N1 City Mall’s three in one waste-to-power technology will be on show at this year’s African Utility Week and POWERGEN Africa events.

The property features an on-site, anaerobic digester that uses organic waste to produce green electricity, hot water and fertiliser.

The technology, which was installed by Dutch green technology provider Waste Transformers in partnership with Growthpoint Properties, will be showcased as a case study during the Future Cities conference track at African Utility Week and POWERGEN Africa in Cape Town in May and will be followed by a discussion on how waste-to-energy plants can be made more competitive.

Reducing organic waste to landfill

Commenting on the project Gavin Jones, Growthpoint Properties’ Regional Retail Asset Manager for the Western Cape says the intention of this waste-to-power installation at N1 City with Waste Transformers is to look towards future regulation, particularly in the Western Cape, that will limit the removal of organic waste from operating buildings to landfill sites.

“Cape Town has announced that they want a 100% reduction of organic waste to landfills by the year 2027. And Growthpoint is trying to reach that target by 2020 while Cape Town is hoping to reach a target of 30% by that time.”

Modulated structure functions like a stomach

The Waste Transformers unit is a modulated structure comprising four large containers that are run by a number of processes and occupies about six or seven parking bays onsite at the N1 City mall.

“Within our shopping centre environment we collect organic waste material from restaurants and from food supermarket operators in separate bins and separate it from the recycled goods. We then process it in the first stage of the machine, which is the macerator which chops up the organic waste matter into a usable size,” Jones explains.

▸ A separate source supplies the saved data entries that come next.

(* Sort the vertices by decreasing eigenvalue, break ties by increasing partner eigenvalue and
   then by a key that m reverses.  An antitone matching reverses this strict total order, so on
   ranks it becomes the matching r |-> 2S - 1 - r. *)
lemma antitone_matching_rank:
  assumes pm: "perfect_matching L m" and anti: "antitone_matching L m" and sorted: "sorted_wrt (\<ge>) L"
  obtains r where "bij_betw r {0..<length L} {0..<length L}" "\<And>i. i < length L \<Longrightarrow> L ! r i = L ! i"
    "\<And>i. i < length L \<Longrightarrow> r (m i) = length L - 1 - r i"
proof -
  define n where "n = length L"
  define A where "A = {0..<n}"
  have mA: "m i \<in> A \<and> m (m i) = i \<and> m i \<noteq> i" if "i \<in> A" for i
    using pm that unfolding perfect_matching_def G_edge_def A_def n_def by fastforce
  define key where "key i = (if i < m i then i else 2*n - m i)" for i
  have key_m: "key (m i) = 2*n - key i" and key_le: "key i \<le> 2*n" if "i \<in> A" for i
    using mA[OF that] that unfolding key_def A_def by auto
  have key_inj: "i = j" if "i \<in> A" "j \<in> A" "key i = key j" for i j
  proof -
    have "m i < n" "m j < n" "m (m i) = i" "m (m j) = j" "i < n" "j < n"
      using mA that unfolding A_def by auto
    moreover have "i = j" if "2*n - m i = 2*n - m j" "m i < n" "m j < n" "m (m i) = i" "m (m j) = j"
      using that by (metis diff_diff_cancel less_imp_le_nat mult_2 trans_le_add1)
    ultimately show ?thesis using that(3) unfolding key_def by (auto split: if_splits)
  qed
  define R where "R i j \<longleftrightarrow> L ! i > L ! j \<or> (L ! i = L ! j \<and>
      (L ! (m i) < L ! (m j) \<or> (L ! (m i) = L ! (m j) \<and> key i < key j)))" for i j
  have irr: "irreflp R" by (rule irreflpI) (auto simp: R_def)
  have trans: "transp R" by (rule transpI) (auto simp: R_def)
  have total: "totalp_on A R"
  proof (rule totalp_onI)
    fix i j assume "i \<in> A" "j \<in> A" "i \<noteq> j"
    then have "key i \<noteq> key j" using key_inj by blast
    then show "R i j \<or> R j i" unfolding R_def by auto
  qed
  have reverse: "R (m j) (m i)" if "i \<in> A" "j \<in> A" "R i j" for i j
  proof -
    have "L ! i > L ! j \<Longrightarrow> L ! (m i) \<le> L ! (m j)"
      using anti that unfolding antitone_matching_def A_def n_def by auto
    then show ?thesis
      using that key_le[OF that(1)] key_le[OF that(2)] mA[OF that(1)] mA[OF that(2)]
      unfolding R_def key_m[OF that(1)] key_m[OF that(2)] by auto
  qed
  show ?thesis
  proof
    show "bij_betw (order_rank R A) {0..<length L} {0..<length L}"
      using order_rank_bij_betw[OF _ irr trans total] unfolding A_def n_def by simp
    show "L ! order_rank R A i = L ! i" if "i < length L" for i
      unfolding A_def n_def by (rule nth_order_rank[OF sorted _ _ _ that]) (auto simp: R_def irr irreflpD)
    show "order_rank R A (m i) = length L - 1 - order_rank R A i" if "i < length L" for i
      using order_rank_involution[where m = m, OF _ irr trans total _ reverse] mA that
      unfolding A_def n_def by simp
  qed
qed

lemma antitone_matchings_equiv:
  assumes pm1: "perfect_matching L m1" and anti1: "antitone_matching L m1"
    and pm2: "perfect_matching L m2" and anti2: "antitone_matching L m2" and sorted: "sorted_wrt (\<ge>) L"
  shows "matching_equiv L m1 m2"
proof -
  define A where "A = {0..<length L}"
  obtain r1 where r1: "bij_betw r1 A A" "\<And>i. i \<in> A \<Longrightarrow> L ! (r1 i) = L ! i"
    "\<And>i. i \<in> A \<Longrightarrow> r1 (m1 i) = length L - 1 - r1 i"
    using antitone_matching_rank[OF pm1 anti1 sorted] unfolding A_def by auto
  obtain r2 where r2: "bij_betw r2 A A" "\<And>i. i \<in> A \<Longrightarrow> L ! (r2 i) = L ! i"
    "\<And>i. i \<in> A \<Longrightarrow> r2 (m2 i) = length L - 1 - r2 i"
    using antitone_matching_rank[OF pm2 anti2 sorted] unfolding A_def by auto
  define \<sigma> where "\<sigma> i = inv_into A r2 (r1 i)" for i
  have \<sigma>: "bij_betw \<sigma> A A"
    unfolding \<sigma>_def using bij_betw_trans[OF r1(1) bij_betw_inv_into[OF r2(1)]] by (simp add: comp_def)
  have \<sigma>A: "\<sigma> i \<in> A" if "i \<in> A" for i using \<sigma> that bij_betwE by blast
  have r2\<sigma>: "r2 (\<sigma> i) = r1 i" if "i \<in> A" for i
    unfolding \<sigma>_def using r1(1) r2(1) that by (intro f_inv_into_f) (auto simp: bij_betw_def)
  have m1A: "m1 i \<in> A" and m2A: "m2 i \<in> A" if "i \<in> A" for i
    using pm1 pm2 that unfolding perfect_matching_def A_def by auto
  show ?thesis unfolding matching_equiv_def
  proof (intro exI[of _ \<sigma>] conjI allI impI)
    show "bij_betw \<sigma> {0..<length L} {0..<length L}" using \<sigma> unfolding A_def .
  next
    fix i assume "i < length L"
    then have i: "i \<in> A" unfolding A_def by simp
    show "L ! \<sigma> i = L ! i" using r2(2)[OF \<sigma>A[OF i]] r2\<sigma>[OF i] r1(2)[OF i] by simp
    have "r2 (m2 (\<sigma> i)) = r2 (\<sigma> (m1 i))"
      using r2(3)[OF \<sigma>A[OF i]] r2\<sigma>[OF i] r2\<sigma>[OF m1A[OF i]] r1(3)[OF i] by simp
    then show "m2 (\<sigma> i) = \<sigma> (m1 i)"
      using r2(1) m2A[OF \<sigma>A[OF i]] \<sigma>A[OF m1A[OF i]] unfolding bij_betw_def by (auto dest: inj_onD)
  qed
qed

(* The reversal i |-> 2S - 1 - i is a perfect matching, so a non-unique pairing means two
   inequivalent matchings; they cannot both be antitone, and the non-antitone one can be improved. *)
lemma non_unique_pairing_weights_differ:
  assumes sorted: "sorted_wrt (\<ge>) L" and pos: "\<forall>k<length L. L ! k > 0"
    and reversal: "\<forall>j<length L. L ! j * L ! (length L - 1 - j) \<ge> 1" and ev: "even (length L)"
    and non_unique: "\<not> unique_pairing L"
  obtains m1 m2 where "perfect_matching L m1" "perfect_matching L m2"
    "matching_weight L m1 < matching_weight L m2"
proof -
  have "perfect_matching L (\<lambda>i. length L - 1 - i)"
    unfolding perfect_matching_def G_edge_def using reversal ev by auto presburger
  then obtain m1 m2 where pm1: "perfect_matching L m1" and pm2: "perfect_matching L m2"
    and ne: "\<not> matching_equiv L m1 m2"
    using non_unique unfolding unique_pairing_def by blast
  then obtain m where "perfect_matching L m" "\<not> antitone_matching L m"
    using antitone_matchings_equiv[OF pm1 _ pm2 _ sorted] by blast
  then show ?thesis using matching_weight_decrease[OF _ pos] that by blast
qed

section \<open>A symplectic invariant determining the sum of squared thermal parameters\<close>

definition mat_trace :: "'a :: comm_ring mat \<Rightarrow> 'a" where
  "mat_trace M = (\<Sum>i<dim_row M. M $$ (i, i))"

lemma mat_trace_mult_comm:
  assumes A: "A \<in> carrier_mat n m" and B: "B \<in> carrier_mat m n"
  shows "mat_trace (A * B) = mat_trace (B * A)"
proof -
  have "mat_trace (A * B) = (\<Sum>i<n. \<Sum>k<m. A $$ (i, k) * B $$ (k, i))"
    unfolding mat_trace_def using A B by (auto simp: scalar_prod_def lessThan_atLeast0 intro!: sum.cong)
  also have "\<dots> = (\<Sum>k<m. \<Sum>i<n. B $$ (k, i) * A $$ (i, k))"
    by (subst sum.swap) (simp add: mult.commute)
  also have "\<dots> = mat_trace (B * A)"
    unfolding mat_trace_def using A B by (auto simp: scalar_prod_def lessThan_atLeast0 intro!: sum.cong)
  finally show ?thesis .
qed

lemma sum_lessThan_pairs: "(\<Sum>i<2*(S::nat). g i) = (\<Sum>k<S. g (2*k) + g (2*k+1))"
  by (induct S) (auto simp: sum.distrib ac_simps)

lemma trace_symplectic_congruence:
  fixes Om R X :: "'a :: comm_ring mat"
  assumes Om: "Om \<in> carrier_mat n n" and R: "R \<in> carrier_mat n n" and X: "X \<in> carrier_mat n n"
    and symplectic: "transpose_mat R * Om * R = Om"
  shows "mat_trace (Om * (R * X * transpose_mat R) * Om * (R * X * transpose_mat R))
           = mat_trace (Om * X * Om * X)"
proof -
  have RT: "transpose_mat R \<in> carrier_mat n n" using R by simp
  define Y where "Y = Om * R * X * transpose_mat R * Om * R * X"
  have Y: "Y \<in> carrier_mat n n" unfolding Y_def using Om R X RT by auto
  have "Om * (R * X * transpose_mat R) * Om * (R * X * transpose_mat R) = Y * transpose_mat R"
    unfolding Y_def using Om R X RT by (simp add: assoc_mult_mat_dims)
  then have "mat_trace (Om * (R * X * transpose_mat R) * Om * (R * X * transpose_mat R))
      = mat_trace (transpose_mat R * Y)"
    using mat_trace_mult_comm[OF Y RT] by simp
  also have "transpose_mat R * Y = (transpose_mat R * Om * R) * X * (transpose_mat R * Om * R) * X"
    unfolding Y_def using Om R X RT by (simp add: assoc_mult_mat_dims)
  finally show ?thesis unfolding symplectic .
qed

lemma SpO_D:
  assumes "W \<in> SpO S"
  shows "W \<in> carrier_mat (2*S) (2*S)" and "W * transpose_mat W = 1\<^sub>m (2*S)"
    and "transpose_mat W * Omega S * W = Omega S"
proof -
  show W: "W \<in> carrier_mat (2*S) (2*S)" using assms unfolding SpO_def by auto
  have WW: "transpose_mat W * W = 1\<^sub>m (2*S)" and sym: "W * Omega S * transpose_mat W = Omega S"
    using assms unfolding SpO_def by auto
  show WW': "W * transpose_mat W = 1\<^sub>m (2*S)"
    using mat_mult_left_right_inverse[OF _ W WW] W by simp
  have "transpose_mat W * Omega S * W = transpose_mat W * (W * Omega S * transpose_mat W) * W"
    unfolding sym ..
  also have "\<dots> = (transpose_mat W * W) * Omega S * (transpose_mat W * W)"
    using W by (simp add: assoc_mult_mat_dims)
  finally show "transpose_mat W * Omega S * W = Omega S" using WW by simp
qed

lemma one_SpO: "1\<^sub>m (2*S) \<in> SpO S"
  unfolding SpO_def using Omega_carrier[of S] by simp

lemma Qmat_mat_diag:
  "Qmat S r = mat_diag (2*S) (\<lambda>i. if even i then exp (r ! (i div 2)) else exp (- (r ! (i div 2))))"
  by (rule eq_matI) (auto simp: Qmat_def)

lemma Tmat_mat_diag: "Tmat S \<nu> = mat_diag (2*S) (\<lambda>i. \<nu> ! (i div 2))"
  by (rule eq_matI) (auto simp: Tmat_def)

lemma dim_Qmat[simp]: "dim_row (Qmat S r) = 2*S" "dim_col (Qmat S r) = 2*S"
  by (simp_all add: Qmat_def)

lemma dim_Tmat[simp]: "dim_row (Tmat S \<nu>) = 2*S" "dim_col (Tmat S \<nu>) = 2*S"
  by (simp_all add: Tmat_def)
lemma sum_cell_nbrs_symmetric:
  assumes "periodic_grid N a" "periodic_grid N b" "N \<ge> 1"
  shows "(\<Sum>p\<in>cell N. a p * (\<Sum>d\<in>nbrs. b (p + d))) = (\<Sum>p\<in>cell N. (\<Sum>d\<in>nbrs. a (p + d)) * b p)"
proof -
  have shift: "(\<Sum>p\<in>cell N. a p * b (p + d)) = (\<Sum>p\<in>cell N. a (p - d) * b p)" for d
  proof -
    have "periodic_grid N (\<lambda>p. a (p - d) * b p)"
      using periodic_grid_comp2[OF periodic_grid_translate[OF assms(1), of "- d"] assms(2)] by simp
    from sum_cell_translate[OF this assms(3), of d] show ?thesis by simp
  qed
  have "(\<Sum>p\<in>cell N. a p * (\<Sum>d\<in>nbrs. b (p + d))) = (\<Sum>d\<in>nbrs. \<Sum>p\<in>cell N. a (p - d) * b p)"
    by (simp add: sum_distrib_left sum.swap[of _ nbrs] shift)
  also have "\<dots> = (\<Sum>d\<in>uminus ` nbrs. \<Sum>p\<in>cell N. a (p + d) * b p)"
    by (subst sum.reindex) (auto simp: inj_on_def)
  also have "\<dots> = (\<Sum>p\<in>cell N. (\<Sum>d\<in>nbrs. a (p + d)) * b p)"
    by (simp add: uminus_nbrs sum_distrib_right sum.swap[of _ nbrs])
  finally show ?thesis .
qed

lemma sum_cell_mult_lap_h:
  "(\<Sum>p\<in>cell N. a p * lap_h h b p)
     = ((\<Sum>p\<in>cell N. a p * (\<Sum>d\<in>nbrs. b (p + d))) - 6 * (\<Sum>p\<in>cell N. a p * b p)) / h\<^sup>2"
proof -
  have "a p * lap_h h b p = (a p * (\<Sum>d\<in>nbrs. b (p + d)) - 6 * (a p * b p)) / h\<^sup>2" for p
    by (simp add: lap_h_nbrs algebra_simps)
  then show ?thesis
    by (simp add: sum_divide_distrib[symmetric] sum_subtractf sum_distrib_left)
qed

lemma sum_cell_lap_h_symmetric:
  assumes "periodic_grid N a" "periodic_grid N b" "N \<ge> 1"
  shows "(\<Sum>p\<in>cell N. a p * lap_h h b p) = (\<Sum>p\<in>cell N. lap_h h a p * b p)"
proof -
  have "(\<Sum>p\<in>cell N. lap_h h a p * b p) = (\<Sum>p\<in>cell N. b p * lap_h h a p)"
    by (simp add: mult.commute)
  then show ?thesis
    using sum_cell_nbrs_symmetric[OF assms]
    by (simp add: sum_cell_mult_lap_h mult.commute)
qed

lemma sum_cell_lap_h:
  assumes "periodic_grid N a" "N \<ge> 1"
  shows "(\<Sum>p\<in>cell N. lap_h h a p) = 0"
  using sum_cell_lap_h_symmetric[OF periodic_grid_const assms(1,2), of 1 h] by (simp add: lap_h_const)

text \<open>Every grid edge is counted from both ends, so \<open>dirichlet_sum N z\<close> is twice the squared
  discrete gradient norm of \<open>z\<close>.\<close>

definition dirichlet_sum :: "nat \<Rightarrow> grid \<Rightarrow> real" where
  "dirichlet_sum N z = (\<Sum>p\<in>cell N. \<Sum>d\<in>nbrs. (z (p + d) - z p)\<^sup>2)"

lemma dirichlet_sum_nonneg: "0 \<le> dirichlet_sum N z"
  unfolding dirichlet_sum_def by (intro sum_nonneg) auto

lemma nbr_diff_le_dirichlet_sum:
  "q \<in> cell N \<Longrightarrow> d \<in> nbrs \<Longrightarrow> (z (q + d) - z q)\<^sup>2 \<le> dirichlet_sum N z"
  unfolding dirichlet_sum_def
  by (rule order_trans[OF member_le_sum[of d nbrs] member_le_sum[of q "cell N"]])
     (auto intro: sum_nonneg)

lemma sum_cell_mult_lap_h_self:
  assumes "periodic_grid N z" "N \<ge> 1"
  shows "(\<Sum>p\<in>cell N. z p * lap_h h z p) = - dirichlet_sum N z / (2 * h\<^sup>2)"
proof -
  have shift: "(\<Sum>p\<in>cell N. z (p + d) * z (p + d)) = (\<Sum>p\<in>cell N. z p * z p)" for d
    using sum_cell_translate[OF periodic_grid_comp[OF assms(1)] assms(2), of "\<lambda>x. x * x" d] by simp
  have "dirichlet_sum N z = (\<Sum>d\<in>nbrs. \<Sum>p\<in>cell N. (z (p + d))\<^sup>2)
      - 2 * (\<Sum>p\<in>cell N. z p * (\<Sum>d\<in>nbrs. z (p + d))) + 6 * (\<Sum>p\<in>cell N. (z p)\<^sup>2)"
    unfolding dirichlet_sum_def
    by (simp add: power2_diff sum.distrib sum_subtractf sum_distrib_left card_nbrs
        sum.swap[of _ nbrs] algebra_simps)
  also have "\<dots> = 12 * (\<Sum>p\<in>cell N. z p * z p) - 2 * (\<Sum>p\<in>cell N. z p * (\<Sum>d\<in>nbrs. z (p + d)))"
    by (simp add: shift card_nbrs power2_eq_square)
  finally have "(\<Sum>p\<in>cell N. z p * (\<Sum>d\<in>nbrs. z (p + d))) - 6 * (\<Sum>p\<in>cell N. z p * z p)
      = - dirichlet_sum N z / 2"
    by linarith
  then show ?thesis
    by (simp add: sum_cell_mult_lap_h)
qed

lemma grid_nbrs_induct:
  assumes "P q0" "\<And>p d. P p \<Longrightarrow> d \<in> nbrs \<Longrightarrow> P (p + d)"
  shows "P q"
proof -
  have line: "Q y" if "Q x" "\<And>z. Q z \<Longrightarrow> Q (z + 1) \<and> Q (z - 1)" for Q :: "int \<Rightarrow> bool" and x y
    by (induction y rule: int_induct[where k = x]) (use that in blast)+
  obtain a b c where q0: "q0 = (a, b, c)" by (cases q0)
  have step: "P (i + 1, j, k) \<and> P (i - 1, j, k)" "P (i, j + 1, k) \<and> P (i, j - 1, k)"
      "P (i, j, k + 1) \<and> P (i, j, k - 1)" if "P (i, j, k)" for i j k
    using assms(2)[OF that, of "(1, 0, 0)"] assms(2)[OF that, of "(-1, 0, 0)"]
      assms(2)[OF that, of "(0, 1, 0)"] assms(2)[OF that, of "(0, -1, 0)"]
      assms(2)[OF that, of "(0, 0, 1)"] assms(2)[OF that, of "(0, 0, -1)"]
    by (simp_all add: nbrs_def)
  have "P (i, b, c)" for i
    by (rule line[where Q = "\<lambda>i. P (i, b, c)" and x = a, OF _ step(1)]) (use assms(1) q0 in simp)
  then have "P (i, j, c)" for i j
    by (rule line[where Q = "\<lambda>j. P (i, j, c)" and x = b, OF _ step(2)])
  then have "P (i, j, k)" for i j k
    by (rule line[where Q = "\<lambda>k. P (i, j, k)" and x = c, OF _ step(3)])
  then show ?thesis by (cases q) simp
qed

lemma dirichlet_sum_eq_0_imp_const:
  assumes "periodic_grid N z" "N \<ge> 1" "dirichlet_sum N z = 0"
  shows "z p = z q"
proof -
  have cell_zero: "\<forall>d\<in>nbrs. (z (p + d) - z p)\<^sup>2 = 0" if "p \<in> cell N" for p
    using assms(3) that unfolding dirichlet_sum_def
    by (simp add: sum_nonneg_eq_0_iff sum_nonneg)
  have "z (p + d) = z p" if "d \<in> nbrs" for p d
  proof -
    have "periodic_grid N (\<lambda>p. (z (p + d) - z p)\<^sup>2)"
      by (rule periodic_grid_comp2[OF periodic_grid_translate[OF assms(1)] assms(1)])
    from periodic_grid_in_image_cell[OF this assms(2), of p] obtain q
      where "q \<in> cell N" "(z (p + d) - z p)\<^sup>2 = (z (q + d) - z q)\<^sup>2"
      by blast
    with cell_zero that show ?thesis by simp
  qed
  then show ?thesis
    using grid_nbrs_induct[of "\<lambda>q. z q = z p" p q] by auto
qed

lemma int_steps_bound:
  fixes f :: "int \<Rightarrow> real"
  assumes "\<And>x. 0 \<le> x \<Longrightarrow> x < m \<Longrightarrow> \<bar>f (x + 1) - f x\<bar> \<le> e" "0 \<le> m"
  shows "\<bar>f m - f 0\<bar> \<le> m * e"
  using assms(2,1)
proof (induction m rule: int_ge_induct)
  case (step x)
  then have "\<bar>f (x + 1) - f x\<bar> \<le> e" "\<bar>f x - f 0\<bar> \<le> x * e" by auto
  then show ?case by (simp add: algebra_simps)
qed simp

lemma periodic_grid_osc_le_dirichlet_sum:
  assumes "periodic_grid N w" "N \<ge> 1"
  shows "\<bar>w p - w (0, 0, 0)\<bar> \<le> 3 * real N * sqrt (dirichlet_sum N w)"
proof -
  let ?e = "sqrt (dirichlet_sum N w)"
  have step: "\<bar>w (q + d) - w q\<bar> \<le> ?e" if "q \<in> cell N" "d \<in> nbrs" for q d
    using real_sqrt_le_mono[OF nbr_diff_le_dirichlet_sum[OF that]] by simp
  obtain i j k where ijk: "cell_rep N p = (i, j, k)" by (cases "cell_rep N p")
  then have "(i, j, k) \<in> cell N" using cell_rep_in_cell[OF assms(2)] by metis
  then have bounds: "0 \<le> i" "i < int N" "0 \<le> j" "j < int N" "0 \<le> k" "k < int N"
    by (auto simp: cell_def)
  have "\<bar>w (i, j, k) - w (0, j, k)\<bar> \<le> i * ?e"
  proof (rule int_steps_bound[where f = "\<lambda>x. w (x, j, k)"])
    fix x assume "0 \<le> x" "x < i"
    then show "\<bar>w (x + 1, j, k) - w (x, j, k)\<bar> \<le> ?e"
      using step[of "(x, j, k)" "(1, 0, 0)"] bounds by (simp add: cell_def nbrs_def)
  qed (use bounds in simp)
  moreover have "\<bar>w (0, j, k) - w (0, 0, k)\<bar> \<le> j * ?e"
  proof (rule int_steps_bound[where f = "\<lambda>x. w (0, x, k)"])
    fix x assume "0 \<le> x" "x < j"
    then show "\<bar>w (0, x + 1, k) - w (0, x, k)\<bar> \<le> ?e"
      using step[of "(0, x, k)" "(0, 1, 0)"] bounds by (simp add: cell_def nbrs_def)
  qed (use bounds in simp)
  moreover have "\<bar>w (0, 0, k) - w (0, 0, 0)\<bar> \<le> k * ?e"
  proof (rule int_steps_bound[where f = "\<lambda>x. w (0, 0, x)"])
    fix x assume "0 \<le> x" "x < k"
    then show "\<bar>w (0, 0, x + 1) - w (0, 0, x)\<bar> \<le> ?e"
      using step[of "(0, 0, x)" "(0, 0, 1)"] bounds by (simp add: cell_def nbrs_def)
  qed (use bounds in simp)
  moreover have "real_of_int i * ?e \<le> N * ?e" "real_of_int j * ?e \<le> N * ?e"
    "real_of_int k * ?e \<le> N * ?e"
    using bounds by (auto intro!: mult_right_mono simp: dirichlet_sum_nonneg)
  ultimately have "\<bar>w (i, j, k) - w (0, 0, 0)\<bar> \<le> 3 * real N * ?e" by linarith
  then show ?thesis using periodic_grid_cell_rep[OF assms(1), of p] ijk by simp
qed

lemma sum_nbrs_indicator_bounds:
  "0 \<le> (\<Sum>d\<in>nbrs. indicator S (q + d) :: real)" "(\<Sum>d\<in>nbrs. indicator S (q + d) :: real) \<le> 6"
  using sum_bounded_above[of nbrs "\<lambda>d. indicator S (q + d) :: real" 1]
  by (auto simp: sum_nonneg card_nbrs indicator_def)

lemma lap_h_indicator_mem:
  assumes "h \<noteq> 0" "q \<in> S"
  shows "- 6 / h\<^sup>2 \<le> lap_h h (indicator S) q \<and> lap_h h (indicator S) q \<le> 0"
proof -
  let ?s = "\<Sum>d\<in>nbrs. indicator S (q + d) :: real"
  have "- 6 / h\<^sup>2 \<le> (?s - 6) / h\<^sup>2"
    by (rule divide_right_mono) (use sum_nbrs_indicator_bounds[of S q] in auto)
  moreover have "(?s - 6) / h\<^sup>2 \<le> 0"
    by (rule divide_nonpos_pos) (use sum_nbrs_indicator_bounds[of S q] assms(1) in auto)
  ultimately show ?thesis using assms(2) by (simp add: lap_h_nbrs)
qed

lemma lap_h_indicator_not_mem:
  assumes "h \<noteq> 0" "q \<notin> S"
  shows "0 \<le> lap_h h (indicator S) q \<and> lap_h h (indicator S) q \<le> 6 / h\<^sup>2"
  using sum_nbrs_indicator_bounds[of S q] assms
  by (auto simp: lap_h_nbrs divide_right_mono)

lemma lap_h_indicator_boundary:
  assumes "h \<noteq> 0" "q \<in> S" "d \<in> nbrs" "q + d \<notin> S"
  shows "lap_h h (indicator S) q \<le> - 1 / h\<^sup>2"
proof -
  have "(\<Sum>e\<in>nbrs - {d}. indicator S (q + e) :: real) \<le> card (nbrs - {d})"
    using sum_bounded_above[of "nbrs - {d}" "\<lambda>e. indicator S (q + e) :: real" 1]
    by (simp add: indicator_def)
  then have "(\<Sum>e\<in>nbrs. indicator S (q + e) :: real) \<le> 5"
    using assms(3,4) by (simp add: sum.remove card_nbrs)
  then have "((\<Sum>e\<in>nbrs. indicator S (q + e)) - 6) / h\<^sup>2 \<le> - 1 / h\<^sup>2"
    by (intro divide_right_mono) auto
  with assms(2) show ?thesis
    by (simp add: lap_h_nbrs)
qed

lemma continuous_on_grid_eval [continuous_intros]: "continuous_on S (\<lambda>w::grid. w p)"
  by (rule continuous_on_subset[OF continuous_on_product_coordinates]) simp

lemma continuous_on_lap_h [continuous_intros]:
  "(\<And>q. continuous_on S (\<lambda>w. f w q)) \<Longrightarrow> continuous_on S (\<lambda>w. lap_h h (f w) p)"
  by (cases p) (simp add: lap_h_def divide_inverse, intro continuous_intros, auto)

section \<open>The Flory--Huggins entropy\<close>

definition phi :: "real \<Rightarrow> real" where
  "phi x = (1 + x) * ln (1 + x) + (1 - x) * ln (1 - x)"

definition dphi :: "real \<Rightarrow> real" where
  "dphi x = ln (1 + x) - ln (1 - x)"

lemma phi_minus [simp]: "phi (- x) = phi x"
  by (simp add: phi_def)

lemma phi_has_real_derivative: "- 1 < x \<Longrightarrow> x < 1 \<Longrightarrow> (phi has_real_derivative dphi x) (at x)"
  unfolding phi_def dphi_def by (rule derivative_eq_intros refl | simp)+

lemma phi_line_has_real_derivative:
  assumes "- 1 < x" "x < 1"
  shows "((\<lambda>t. phi (x + t * k)) has_real_derivative dphi x * k) (at 0)"
proof -
  have "((\<lambda>t. x + t * k) has_real_derivative k) (at 0)"
    by (rule derivative_eq_intros refl | simp)+
  from DERIV_chain2[OF _ this, of phi "dphi x"] phi_has_real_derivative[OF assms]
  show ?thesis by (simp add: mult.commute)
qed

“A grey water mix is added and this mixture is then pumped into the anaerobic digester.  With added enzymes, this digester pretty much functions like a stomach which produces methane gas as well as a by-product of hot water.“

The hot water is used to clean the plant and the waste area. The methane gas is harvested, filtered and housed in the gas component of the installation. This gas is then used to run an electric generator which then places electricity back into the shopping centre.